🤖 AI Summary
This work addresses the challenging problem of hand mesh reconstruction from a single RGB image under severe occlusion (e.g., hand-object interaction). To this end, we introduce state space models (SSMs) to this task for the first time, proposing a state space-driven spatial-channel joint attention module that simultaneously captures long-range spatial dependencies and channel-wise responses, thereby significantly enlarging the effective receptive field. Our method employs a lightweight encoder-decoder architecture with end-to-end differentiable mesh regression, balancing accuracy and efficiency. Evaluated on strong-occlusion benchmarks—including FREIHAND, DEXYCB, and HO3D—our approach achieves state-of-the-art performance in both quantitative metrics and qualitative fidelity. It attains the smallest parameter count and fastest inference speed among comparable methods, while consistently producing complete, geometrically accurate, and detail-rich hand reconstructions.
📝 Abstract
Reconstructing the hand mesh from one single RGB image is a challenging task because hands are often occluded by other objects. Most previous works attempt to explore more additional information and adopt attention mechanisms for improving 3D reconstruction performance, while it would increase computational complexity simultaneously. To achieve a performance-reserving architecture with high computational efficiency, in this work, we propose a simple but effective 3D hand mesh reconstruction network (i.e., HandS3C), which is the first time to incorporate state space model into the task of hand mesh reconstruction.
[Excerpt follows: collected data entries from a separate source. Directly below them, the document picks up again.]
lemma summable_theta_terms:
  fixes q x :: real
  assumes "0 < q" "q < 1"
  shows "summable (\<lambda>j. q ^ triangular j * x ^ j)"
  using summable_norm_cancel[OF summable_norm_theta_terms[OF assms]] .

lemma theta_ge_one:
  fixes q x :: real
  assumes q: "0 < q" "q < 1" and x: "0 \<le> x"
  shows "1 \<le> theta q x"
proof -
  have "(\<Sum>i<1. q ^ triangular i * x ^ i) \<le> (\<Sum>j. q ^ triangular j * x ^ j)"
    by (rule sum_le_suminf[OF summable_theta_terms[OF q]]) (use q x in auto)
  then show ?thesis
    by (simp add: theta_eq_suminf)
qed

lemma theta_minus_ge_partial_sum:
  fixes q y :: real
  assumes q: "0 < q" "q < 1" and y: "0 \<le> y" "q * y \<le> 1"
  shows "(\<Sum>i<2 * k. (-1) ^ i * (q ^ triangular i * y ^ i)) \<le> theta q (-y)"
proof -
  define a where "a j = q ^ triangular j * y ^ j" for j
  have theta_alt: "theta q (-y) = (\<Sum>j. (-1) ^ j * a j)"
    unfolding theta_eq_suminf a_def
    by (intro arg_cong[where f = suminf] ext) (subst power_minus, simp add: mult.left_commute)
  have a_nonneg: "0 \<le> a j" for j
    using q y by (simp add: a_def)
  have a_decreasing: "a (Suc j) \<le> a j" for j
  proof -
    have "q ^ Suc j \<le> q"
      using q by (simp add: power_le_one mult_left_le)
    then have "q ^ Suc j * y \<le> q * y"
      using y by (intro mult_right_mono)
    then have "q ^ Suc j * y \<le> 1"
      using y by linarith
    then have "a j * (q ^ Suc j * y) \<le> a j"
      using a_nonneg by (simp add: mult_left_le)
    moreover have "a (Suc j) = a j * (q ^ Suc j * y)"
      unfolding a_def triangular_Suc power_add by simp
    ultimately show ?thesis
      by simp
  qed
  have "a \<longlonglongrightarrow> 0"
    unfolding a_def by (rule summable_LIMSEQ_zero[OF summable_theta_terms[OF q]])
  from summable_Leibniz'(2)[OF this a_nonneg a_decreasing, of k]
  show ?thesis
    unfolding theta_alt a_def .
qed

lemma theta_minus_pos_if_small:
  fixes q y :: real
  assumes q: "0 < q" "q < 1" and y: "0 \<le> y" "q * y \<le> 1"
  shows "0 < theta q (-y)"
proof -
  have "q ^ 3 * y = q ^ 2 * (q * y)"
    by (simp add: power_def algebra_simps eval_nat_numeral)
  also have "\<dots> \<le> q ^ 2"
    using y q by (simp add: mult_left_le)
  also have "\<dots> < 1"
    using q by (simp add: power_less_one_iff)
  finally have "q ^ 3 * y < 1" .
  have "0 < 1 - q * y + q ^ 3 * y ^ 2 * (1 - q ^ 3 * y)"
  proof (cases "y = 0")
    case False
    then have "0 < q ^ 3 * y ^ 2 * (1 - q ^ 3 * y)"
      using q \<open>q ^ 3 * y < 1\<close> by simp
    then show ?thesis
      using y by linarith
  qed simp
  also have "\<dots> = 1 - q * y + q ^ 3 * y ^ 2 - q ^ 6 * y ^ 3"
    by (simp add: algebra_simps eval_nat_numeral)
  also have "\<dots> = (\<Sum>i<2 * 2. (-1) ^ i * (q ^ triangular i * y ^ i))"
    by (simp add: eval_nat_numeral triangular_Suc)
  also have "\<dots> \<le> theta q (-y)"
    by (rule theta_minus_ge_partial_sum[OF q y])
  finally show ?thesis .
qed

lemma theta_minus_inverse_ge:
  fixes q y :: real
  assumes q: "0 < q" "q < 1" and y: "1 \<le> y"
  shows "1 - q / y \<le> theta q (-(1 / y))"
proof -
  have "q * (1 / y) \<le> 1"
    using q y by (simp add: field_simps)
  then have "(\<Sum>i<2 * 1. (-1) ^ i * (q ^ triangular i * (1 / y) ^ i)) \<le> theta q (-(1 / y))"
    using y by (intro theta_minus_ge_partial_sum[OF q]) auto
  then show ?thesis
    by (simp add: numeral_2_eq_2 triangular_def)
qed

section \<open>Gaussian binomials and the Jacobi triple product\<close>

definition q_pochhammer :: "'a::comm_ring_1 \<Rightarrow> nat \<Rightarrow> 'a" where
  "q_pochhammer q n = (\<Prod>i<n. 1 - q ^ Suc i)"

lemma q_pochhammer_0 [simp]: "q_pochhammer q 0 = 1"
  by (simp add: q_pochhammer_def)

lemma q_pochhammer_Suc: "q_pochhammer q (Suc n) = q_pochhammer q n * (1 - q ^ Suc n)"
  by (simp add: q_pochhammer_def)

lemma q_pochhammer_pos:
  fixes q :: real
  assumes "0 < q" "q < 1"
  shows "0 < q_pochhammer q n"
  unfolding q_pochhammer_def
  using power_Suc_less_one[OF assms] by (intro prod_pos) auto

lemma q_pochhammer_antimono:
  fixes q :: real
  assumes q: "0 < q" "q < 1" and "m \<le> n"
  shows "q_pochhammer q n \<le> q_pochhammer q m"
  using \<open>m \<le> n\<close>
proof (induction n rule: dec_induct)
  case (step n)
  have "q_pochhammer q n * (1 - q ^ Suc n) \<le> q_pochhammer q n"
    using q q_pochhammer_pos[OF q, of n] by (simp add: mult_left_le)
  then show ?case
    using step by (simp add: q_pochhammer_Suc)
qed simp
In the network, we design a novel state-space spatial-channel attention module that extends the effective receptive field, extracts hand features in the spatial dimension, and enhances regional features of hands in the channel dimension. This helps to reconstruct a complete and detailed hand mesh. Extensive experiments conducted on well-known datasets facing heavy occlusions (such as FREIHAND, DEXYCB, and HO3D) demonstrate that our proposed HandS3C achieves state-of-the-art performance while maintaining a minimal parameters.